Charlie, I've been using the Quick Reply button and have never seen what you are describing. Do you run antivirus every day and acouple of programs to clean out those spy things. I do the antivirus every day and about once a week two anti spy things. I'm hardly very technical so if something went wrong I would be lost.


----------



## GB (Nov 12, 2007)

That sounds like a computer specific problem Charlie. Has this been going on for a while or just today? If it is just today then I would recommend restarting your computer. Otherwise, try running a spyware removal program.


----------



## CharlieD (Nov 12, 2007)

it has been going on for a while.


----------



## Michael in FtW (Nov 12, 2007)

As GB suggested - try running a spyware removal program, Charlie. This is a problem caused by some spyware/adware such as "WINAD" and "DROPSPAM" - among others.


----------



## Callisto in NC (Nov 12, 2007)

I had a computer that did that until I ran Spybot.  It returned scary amounts of adware, spyware, et al.  Once I removed it all the computer ran fine and the only thing stopping me from replies that make sense was my typing way too fast.


----------



## Bilby (Nov 13, 2007)

I have a sensitive touch pad on my laptop which if I let my hands get to close to it while typing does as you describe.  Just a thought.


----------



## CharlieD (Nov 13, 2007)

I did ran the antivirus programm and it did find some stuff. I haven't tried to type on it yet. Thank you everybody.


----------



## *amy* (Nov 13, 2007)

CharlieD said:


> Whenever I try to type in the window for reply, or new post window, I have problem with the cursor jumping and thus causing letters to type all over the place. It is like I’ll be typing and all of a sudden the half of the word is at the end of whatever I’m typing and the other half is some where else. What is going on here? Is it my computer or is it this site?
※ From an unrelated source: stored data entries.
lemma finite_positive_probabilities:
  "finite ({P0 r c s | r c s. P0 r c s > 0} \<union> {Pp r c s | r c s. Pp r c s > 0})"
proof -
  have "{P0 r c s | r c s. P0 r c s > 0} \<subseteq> (\<lambda>(r, c, s). P0 r c s) ` (UNIV \<times> {0, 1} \<times> UNIV)"
  proof
    fix x assume "x \<in> {P0 r c s | r c s. P0 r c s > 0}"
    then obtain r c s where "x = P0 r c s" "P0 r c s > 0" by blast
    moreover have "\<forall>r c s. P0 r c s \<noteq> 0 \<longrightarrow> c \<in> {0, 1}" using poc unfolding pOC_def by blast
    then have "c \<in> {0, 1}" using \<open>P0 r c s > 0\<close> by (metis less_irrefl)
    ultimately show "x \<in> (\<lambda>(r, c, s). P0 r c s) ` (UNIV \<times> {0, 1} \<times> UNIV)"
      by (intro image_eqI[where x="(r, c, s)"]) auto
  qed
  moreover have "{Pp r c s | r c s. Pp r c s > 0} \<subseteq> (\<lambda>(r, c, s). Pp r c s) ` (UNIV \<times> counter_moves \<times> UNIV)"
  proof
    fix x assume "x \<in> {Pp r c s | r c s. Pp r c s > 0}"
    then obtain r c s where "x = Pp r c s" "Pp r c s > 0" by blast
    moreover have "c \<in> counter_moves" using Pp_eq_0_if_not_move \<open>Pp r c s > 0\<close> by fastforce
    ultimately show "x \<in> (\<lambda>(r, c, s). Pp r c s) ` (UNIV \<times> counter_moves \<times> UNIV)"
      by (intro image_eqI[where x="(r, c, s)"]) auto
  qed
  ultimately show ?thesis
    by (rule finite_subset[OF Un_mono]) (simp add: counter_moves_def)
qed

lemma xmin_le_Pp: "Pp r k s > 0 \<Longrightarrow> xm \<le> Pp r k s"
  unfolding xmin_def by (rule Min_le[OF finite_positive_probabilities]) blast

lemma xmin_pos: "xm > 0"
proof -
  obtain r k s where "Pp r k s > 0" using ex_Pp_pos by blast
  then have "{P0 r c s | r c s. P0 r c s > 0} \<union> {Pp r c s | r c s. Pp r c s > 0} \<noteq> {}" by blast
  then show ?thesis unfolding xmin_def using Min_in[OF finite_positive_probabilities] by auto
qed

lemma xmin_le_1: "xm \<le> 1"
  using ex_Pp_pos xmin_le_Pp Pp_le_1 order_trans by blast

lemma taboo_nonneg: "tab n c d \<ge> 0"
  by (induction n arbitrary: c) (simp_all add: taboo_Suc_conf sum_nonneg Pp_nonneg)

lemma taboo_Suc_nonpos: "snd c \<le> 0 \<Longrightarrow> tab (Suc n) c d = 0"
  by (simp add: taboo_Suc_conf)

lemma pos_step_counter_bounds: "(x, y) \<in> P \<Longrightarrow> snd x - 1 \<le> snd y \<and> snd y \<le> snd x + 1"
  using Pp_eq_0_if_not_move[of "snd y - snd x"] by (force simp: pos_step_iff counter_moves_def)

lemma taboo_nonzero_imp_relpow: "tab n c d \<noteq> 0 \<Longrightarrow> (c, d) \<in> P ^^ n"
proof (induction n arbitrary: c)
  case (Suc n)
  then have pos: "snd c > 0"
    and "(\<Sum>s\<in>UNIV. \<Sum>k\<in>counter_moves. Pp (fst c) k s * tab n (s, snd c + k) d) \<noteq> 0"
    by (auto simp: taboo_Suc_conf split: if_splits)
  then obtain s k where "Pp (fst c) k s * tab n (s, snd c + k) d \<noteq> 0"
    by (meson sum.not_neutral_contains_not_neutral)
  then have "(c, (s, snd c + k)) \<in> P" and "tab n (s, snd c + k) d \<noteq> 0"
    using pos Pp_nonneg[of "fst c" k s] by (auto simp: pos_step_iff less_le)
  then show ?case using Suc.IH by (blast intro: relpow_Suc_I2)
qed (simp split: if_splits)

lemma taboo_ge_xmin_power: "(c, d) \<in> P ^^ n \<Longrightarrow> xm ^ n \<le> tab n c d"
proof (induction n arbitrary: c)
  case (Suc n)
  then obtain y where cy: "(c, y) \<in> P" and yd: "(y, d) \<in> P ^^ n" by (meson relpow_Suc_E2)
  define k where "k = snd y - snd c"
  have pos: "snd c > 0" and pp: "Pp (fst c) k (fst y) > 0" using cy by (auto simp: pos_step_iff k_def)
  have y_eq: "(fst y, snd c + k) = y" by (simp add: k_def)
  have "xm ^ Suc n \<le> Pp (fst c) k (fst y) * tab n (fst y, snd c + k) d"
    using Suc.IH[OF yd] xmin_le_Pp[OF pp] xmin_pos y_eq by (simp add: mult_mono)
  also have "\<dots> \<le> (\<Sum>k\<in>counter_moves. Pp (fst c) k (fst y) * tab n (fst y, snd c + k) d)"
    using pp Pp_eq_0_if_not_move[of k "fst c" "fst y"]
    by (intro member_le_sum) (auto simp: Pp_nonneg taboo_nonneg counter_moves_def)
  also have "\<dots> \<le> tab (Suc n) c d"
    unfolding taboo_Suc_conf using pos
    by (simp, intro member_le_sum) (auto simp: Pp_nonneg taboo_nonneg sum_nonneg)
  finally show ?case .
qed simp

lemma taboo_substochastic:
  assumes "finite D" "t \<notin> D" "snd t \<le> 0"
  shows "(\<Sum>d\<in>D. tab n c d) + (\<Sum>k\<le>n. tab k c t) \<le> 1"
proof (induction n arbitrary: c)
  case 0
  show ?case using assms(1,2) by (cases "c \<in> D") (auto simp: sum.delta')
next
  case (Suc n)
  show ?case
  proof (cases "snd c > 0")
    case False
    then show ?thesis by (simp add: taboo_Suc_nonpos sum.atMost_Suc_shift del: sum.atMost_Suc)
  next
    case True
    then have "c \<noteq> t" using assms(3) by auto
    define X where "X s k = (\<Sum>d\<in>D. tab n (s, snd c + k) d) + (\<Sum>j\<le>n. tab j (s, snd c + k) t)" for s k
    have "(\<Sum>d\<in>D. tab (Suc n) c d) + (\<Sum>k\<le>Suc n. tab k c t)
        = (\<Sum>d\<in>D. tab (Suc n) c d) + (\<Sum>k\<le>n. tab (Suc k) c t)"
      using \<open>c \<noteq> t\<close> by (simp add: sum.atMost_Suc_shift del: sum.atMost_Suc)
    also have "\<dots> = (\<Sum>s\<in>UNIV. \<Sum>k\<in>counter_moves. Pp (fst c) k s * X s k)"
      using True by (simp add: taboo_Suc_conf X_def distrib_left sum.distrib
          sum_swap_moves[where f="\<lambda>s k d. tab n (s, snd c + k) d"]
          sum_swap_moves[where f="\<lambda>s k j. tab j (s, snd c + k) t"])
    also have "\<dots> \<le> (\<Sum>s\<in>UNIV. \<Sum>k\<in>counter_moves. Pp (fst c) k s)"
      using Suc.IH by (intro sum_mono) (simp add: X_def Pp_nonneg mult_left_le)
    finally show ?thesis by (simp add: Pp_sum_eq_1)
  qed
qed

lemma taboo_add:
  assumes "finite D" and "\<And>d. (c, d) \<in> P ^^ m \<Longrightarrow> (d, e) \<in> P ^^ n \<Longrightarrow> d \<in> D"
  shows "tab (m + n) c e = (\<Sum>d\<in>D. tab m c d * tab n d e)"
  using assms(2)
proof (induction m arbitrary: c)
  case 0
  have "(\<Sum>d\<in>D. tab 0 c d * tab n d e) = (\<Sum>d\<in>D. if c = d then tab n d e else 0)"
    by (intro sum.cong) auto
  moreover have "c \<notin> D \<Longrightarrow> tab n c e = 0"
    using "0.prems" taboo_nonzero_imp_relpow by fastforce
  ultimately show ?case using assms(1) by (simp add: sum.delta')
next
  case (Suc m)
  show ?case
  proof (cases "snd c > 0")
    case False
    then show ?thesis by (simp add: taboo_Suc_nonpos)
  next
    case True
    have IH: "Pp (fst c) k s * tab (m + n) (s, snd c + k) e
        = Pp (fst c) k s * (\<Sum>d\<in>D. tab m (s, snd c + k) d * tab n d e)" for s k
    proof (cases "Pp (fst c) k s > 0")
      case True
      with \<open>snd c > 0\<close> have "(c, (s, snd c + k)) \<in> P" by (simp add: pos_step_iff)
      then have "tab (m + n) (s, snd c + k) e = (\<Sum>d\<in>D. tab m (s, snd c + k) d * tab n d e)"
        by (intro Suc.IH Suc.prems relpow_Suc_I2)
      then show ?thesis by simp
    qed (use Pp_nonneg[of "fst c" k s] in simp)
    have "tab (Suc m + n) c e
        = (\<Sum>s\<in>UNIV. \<Sum>k\<in>counter_moves. Pp (fst c) k s * tab (m + n) (s, snd c + k) e)"
      using True by (simp add: taboo_Suc_conf)
    also have "\<dots> = (\<Sum>d\<in>D. \<Sum>s\<in>UNIV. \<Sum>k\<in>counter_moves.
        Pp (fst c) k s * (tab m (s, snd c + k) d * tab n d e))"
      by (simp add: IH sum_swap_moves[where f="\<lambda>s k d. tab m (s, snd c + k) d * tab n d e"])
    also have "\<dots> = (\<Sum>d\<in>D. tab (Suc m) c d * tab n d e)"
      using True by (simp add: taboo_Suc_conf sum_distrib_right mult.assoc)
    finally show ?thesis .
  qed
qed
Does anybody else have had problem like that?


 
Of late, I have had a similar problem with the screen jumping around here when posting a reply, & have had to reposition the cursor.  I don't use the quick reply, so I'm clueless.  Only problem on my behalf, lately, is my keyboard is sticking...  Probably time for me to get a new laptop, replace the keyboard, or use the keyboard I have attached through a port extension.  Noticed the jumping screen/cursor only happens on this site though.


----------



## David Cottrell (Nov 13, 2007)

Charlie, I just checked, this is what the store put on my computer for me, they are all free versions that can be taken off the web. AVG Anti-Virus Free Edition (run once a day), Spybot-Search & Destroy 1.4 (run twice a week) and Ad-Adware se by Lavasoft (run twice a week). As I remember now I forgot to run the last two anti-spy things I was getting alot of chatter when I went to my email. I had a bunch of spy whatevers that had taken residence, were picking my computer for infor and trying to send it out. Not nice so I stomp on them regularly now. Hope this helps.


----------



## CharlieD (Nov 13, 2007)

Thank you David.


----------



## Katie H (Nov 13, 2007)

Charlie,  check this out.  This  does  everything Spybot and  Ad-Adware do, and more.  It's also free.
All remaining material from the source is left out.